New Jersey Gov. Chris Christie wasted little time going after his Republican rivals on the campaign trail in Iowa on Monday. With two weeks to go until the Iowa caucus, Christie is taking direct aim at Florida Sen. Marco Rubio.
Christie told the Council Bluffs crowd he likes Rubio, “but heck man, he’s not ready.”
“We certainly don’t need to send a first-term senator again to the Oval Office, do we?” Christie asked the crowd. “Just because you philosophically agree with someone more doesn’t make them any more prepared to do the job. We need someone who’s ready on the first day to sit in that chair and not spin around and say, ‘Gee whiz, isn’t it cool I’m president?’ All right? Big, wide eyes. ‘Look at me. Hey mom, I became president.’ We need someone who sits in the chair the first day and says this chair feels familiar. It’s not the same as the chair I sat in before, but it’s like it.”

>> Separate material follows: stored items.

lemma primary_iff_disjoint_indices:
  "primary n \<sigma> \<longleftrightarrow> \<sigma> \<in> R n \<and> top_indices n \<sigma> \<inter> bottom_indices n \<sigma> = {}"
proof (cases "\<sigma> \<in> R n")
  case True
  have "(\<forall>t \<in> drop_tops \<sigma> (2 * n). \<forall>b \<in> drop_bottoms \<sigma> (2 * n). t > b \<longrightarrow> t - b \<ge> 3)
      \<longleftrightarrow> (\<forall>k \<in> top_indices n \<sigma>. \<forall>l \<in> bottom_indices n \<sigma>. 2 * k > 2 * l - 1 \<longrightarrow> 2 * k - (2 * l - 1) \<ge> 3)"
    by (simp add: R_drop_tops_eq[OF True] R_drop_bottoms_eq[OF True])
  also have "\<dots> \<longleftrightarrow> top_indices n \<sigma> \<inter> bottom_indices n \<sigma> = {}"
  proof
    assume H: "\<forall>k \<in> top_indices n \<sigma>. \<forall>l \<in> bottom_indices n \<sigma>. 2 * k > 2 * l - 1 \<longrightarrow> 2 * k - (2 * l - 1) \<ge> 3"
    show "top_indices n \<sigma> \<inter> bottom_indices n \<sigma> = {}"
    proof (rule equals0I)
      fix k assume k: "k \<in> top_indices n \<sigma> \<inter> bottom_indices n \<sigma>"
      then have "2 * k > 2 * k - 1 \<longrightarrow> 2 * k - (2 * k - 1) \<ge> 3"
        using H by blast
      moreover have "k \<ge> 1"
        using k by (simp add: bottom_indices_def)
      ultimately show False
        by arith
    qed
  next
    assume disj: "top_indices n \<sigma> \<inter> bottom_indices n \<sigma> = {}"
    show "\<forall>k \<in> top_indices n \<sigma>. \<forall>l \<in> bottom_indices n \<sigma>. 2 * k > 2 * l - 1 \<longrightarrow> 2 * k - (2 * l - 1) \<ge> 3"
    proof (intro ballI impI)
      fix k l assume k: "k \<in> top_indices n \<sigma>" and l: "l \<in> bottom_indices n \<sigma>" and "2 * k > 2 * l - 1"
      moreover have "l \<ge> 1" "k \<noteq> l"
        using k l disj by (auto simp: bottom_indices_def)
      ultimately show "2 * k - (2 * l - 1) \<ge> 3"
        by arith
    qed
  qed
  finally show ?thesis
    using True by (simp add: primary_def)
qed (simp add: primary_def)
definition lie_action :: "nat \<Rightarrow> (nat \<Rightarrow> nat \<Rightarrow> nat \<Rightarrow> complex) \<Rightarrow> nat \<Rightarrow> cpoly \<Rightarrow> cpoly" where
  "lie_action n c a P = (\<Sum>b<n. \<Sum>k<n. pconst (c a k b) * pvar k * pdiff b P)"

lemma lie_action_invariant: "invariant_poly n c P \<Longrightarrow> a < n \<Longrightarrow> lie_action n c a P = 0"
  by (simp add: invariant_poly_def lie_action_def)

lemma pdiff_lie_action:
  assumes "m < n"
  shows "pdiff m (lie_action n c a P) = (\<Sum>b<n. pconst (c a m b) * pdiff b P) + lie_action n c a (pdiff m P)"
proof -
  have "pdiff m (lie_action n c a P) = (\<Sum>b<n. \<Sum>k<n. (if m = k then pconst (c a k b) * pdiff b P else 0)
           + pconst (c a k b) * pvar k * pdiff b (pdiff m P))"
    unfolding lie_action_def pdiff_sum
    by (intro sum.cong refl) (simp add: pdiff_mult pdiff_pvar pdiff_commute[of m] algebra_simps)
  also have "\<dots> = (\<Sum>b<n. pconst (c a m b) * pdiff b P) + lie_action n c a (pdiff m P)"
    unfolding lie_action_def sum.distrib by (simp add: mult.assoc sum.delta assms)
  finally show ?thesis .
qed

definition commute :: "'a::semigroup_mult \<Rightarrow> 'a \<Rightarrow> bool" where
  "commute x y \<longleftrightarrow> x * y = y * x"

lemma commute_sym: "commute x y \<Longrightarrow> commute y x"
  by (simp add: commute_def)

lemma commute_1 [simp]: "commute x (1::'a::monoid_mult)"
  by (simp add: commute_def)

lemma commute_mult: "commute x y \<Longrightarrow> commute x z \<Longrightarrow> commute x (y * z)"
  by (simp add: commute_def) (metis mult.assoc)
text \<open>The hyperbolic law of cosines, with \<open>- mink\<close> in place of \<open>cosh\<close> of the side lengths.\<close>

lemma cos_hangle_law:
  assumes "hyp_pt p" "hyp_pt v" "hyp_pt q"
  shows "cos (hangle p v q) =
    (mink p q + mink p v * mink q v) / sqrt (((mink p v)^2 - 1) * ((mink q v)^2 - 1))"
  using assms by (simp add: cos_hangle mink_tangent_proj hyp_pt_mink_self power2_eq_square
      algebra_simps)

text \<open>A degenerate angle: the tangent vector of \<open>v\<close> at \<open>v\<close> is zero, and \<open>hangle\<close> evaluates to
  \<open>arccos (0 / 0) = arccos 0\<close>.\<close>

lemma hangle_left_self: "hyp_pt v \<Longrightarrow> hangle v v q = pi / 2"
  by (simp add: hangle_tangent_proj tangent_proj_def hyp_pt_mink_self)

subsection \<open>The half-length of a long edge\<close>

lemma mink_normals_common_perpendicular:
  assumes hP: "hyp_pt P" and hQ: "hyp_pt Q" and hY: "hyp_pt Y" and hZ: "hyp_pt Z"
    and "P \<noteq> Q" "Y \<noteq> P" "Q \<noteq> Z"
    and right_P: "hangle Y P Q = pi / 2" and right_Q: "hangle P Q Z = pi / 2"
    and u: "mink u Y = 0" "mink u P = 0" and w: "mink w Q = 0" "mink w Z = 0"
  shows "(mink u w)^2 = mink u u * mink w w * (mink P Q)^2"
proof -
  define \<beta> where "\<beta> = mink P Q"
  define n1 where "n1 = tangent_proj P Q"
  define n2 where "n2 = tangent_proj Q P"
  have n1: "mink n1 Y = 0" "mink n1 P = 0"
    using hangle_right_imp_orthogonal[OF hP right_P] hP by (simp_all add: n1_def mink_commute[of Y])
  have n2: "mink n2 Q = 0" "mink n2 Z = 0"
    using hangle_right_imp_orthogonal[OF hQ right_Q[unfolded hangle_commute[of P]]] hQ
    by (simp_all add: n2_def mink_commute[of Z])
  have n1n1: "mink n1 n1 = \<beta>^2 - 1" and n2n2: "mink n2 n2 = \<beta>^2 - 1"
    using hP hQ by (simp_all add: n1_def n2_def \<beta>_def mink_tangent_proj hyp_pt_mink_self
        mink_commute[of Q P] power2_eq_square)
  have n1n2: "mink n1 n2 = \<beta> * (\<beta>^2 - 1)"
    using hP hQ by (simp add: n1_def n2_def \<beta>_def tangent_proj_def hyp_pt_mink_self
        mink_commute[of Q P] power2_eq_square algebra_simps)
  have "\<beta> \<le> -1" "\<beta> \<noteq> -1"
    using mink_hyp_pt_le_neg1[OF hP hQ] mink_hyp_pt_eq_neg1_iff[OF hP hQ] \<open>P \<noteq> Q\<close>
    by (simp_all add: \<beta>_def)
  then have "\<beta>^2 - 1 \<noteq> 0"
    by (auto simp: power2_eq_square square_eq_1_iff)
  then have "n1 \<noteq> 0" "n2 \<noteq> 0"
    using n1n1 n2n2 by auto
  obtain a where "u = a *\<^sub>R n1"
    using mink_orthogonal_collinear[OF u n1 hyp_pt_cross_nonzero[OF hY hP \<open>Y \<noteq> P\<close>] \<open>n1 \<noteq> 0\<close>] .
  moreover obtain b where "w = b *\<^sub>R n2"
    using mink_orthogonal_collinear[OF w n2 hyp_pt_cross_nonzero[OF hQ hZ \<open>Q \<noteq> Z\<close>] \<open>n2 \<noteq> 0\<close>] .
  ultimately show ?thesis
    by (simp add: \<beta>_def[symmetric] n1n1 n2n2 n1n2 power2_eq_square algebra_simps)
qed

lemma mink_normals_tripod_center:
  assumes hC: "hyp_pt C" and hA: "hyp_pt A" and hB: "hyp_pt B"
    and CA: "mink C A = - c" and CB: "mink C B = - c" and "c > 1"
    and angle: "hangle A C B = 2 * \<alpha>"
  shows "mink (tangent_proj A C) (tangent_proj B C) = (c^2 - 1) * (1 - 2 * c^2 * (sin \<alpha>)^2)"
proof -
  have pos: "c^2 - 1 > 0"
    using \<open>c > 1\<close> by (simp add: one_less_power)
  have "cos (2 * \<alpha>) = (mink A B + c^2) / (c^2 - 1)"
    using cos_hangle_law[OF hA hC hB] angle CA CB pos
    by (simp add: mink_commute[of A C] mink_commute[of B C] real_sqrt_mult_self power2_eq_square)
  then have "1 - 2 * (sin \<alpha>)^2 = (mink A B + c^2) / (c^2 - 1)"
    by (simp only: cos_double_sin)
  then have "(1 - 2 * (sin \<alpha>)^2) * (c^2 - 1) = mink A B + c^2"
    using pos by (simp add: eq_divide_eq)
  then have AB: "mink A B = (c^2 - 1) * (1 - 2 * (sin \<alpha>)^2) - c^2"
    by (simp add: mult.commute)
  have "mink (tangent_proj A C) (tangent_proj B C) = 2 * c^2 - 1 + c^2 * mink A B"
    using CA CB hC by (simp add: tangent_proj_def hyp_pt_mink_self mink_commute[of A C]
        mink_commute[of B C] mink_commute[of B A] power2_eq_square algebra_simps)
  then show ?thesis
    unfolding AB by (simp add: algebra_simps power2_eq_square)
qed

Christie continued to argue that serving in the U.S. Senate is “like being in school … they tell you where to go, what time to show up, they tell you where to sit, they give you a list of questions and you answer them yes or no, then they tell you when recess is and you get to leave.”
The Rubio campaign responded in a statement slamming Christie’s record.
“Chris Christie can certainly talk, but nothing he does can cover-up his liberal record in New Jersey of supporting Common Core, gun control and Obama’s pick of liberal Sonia Sotomayor for the Supreme Court,” said Jahan Wilcox, Rubio spokesman, in an email. “For someone who likes to tell it like it is, there’s no covering up that Governor Christie has fiercely supported a liberal agenda in New Jersey.”
The New Jersey governor also swiped at Texas Sen. Ted Cruz in an interview with Time published on Monday morning. Christie called the senator “asinine” for his criticism of New York values, and said Cruz was the “most inside guy in this race” despite his rants against the “Washington cartel.”
Christie’s campaign has largely focused on New Hampshire as crucial to his presidential campaign’s future success, but his loud attacks in the Hawkeye State suggest he has not yet written off Iowa either. He ranks fourth in the Washington Examiner‘s newest GOP presidential power rankings released after Thursday’s presidential debate.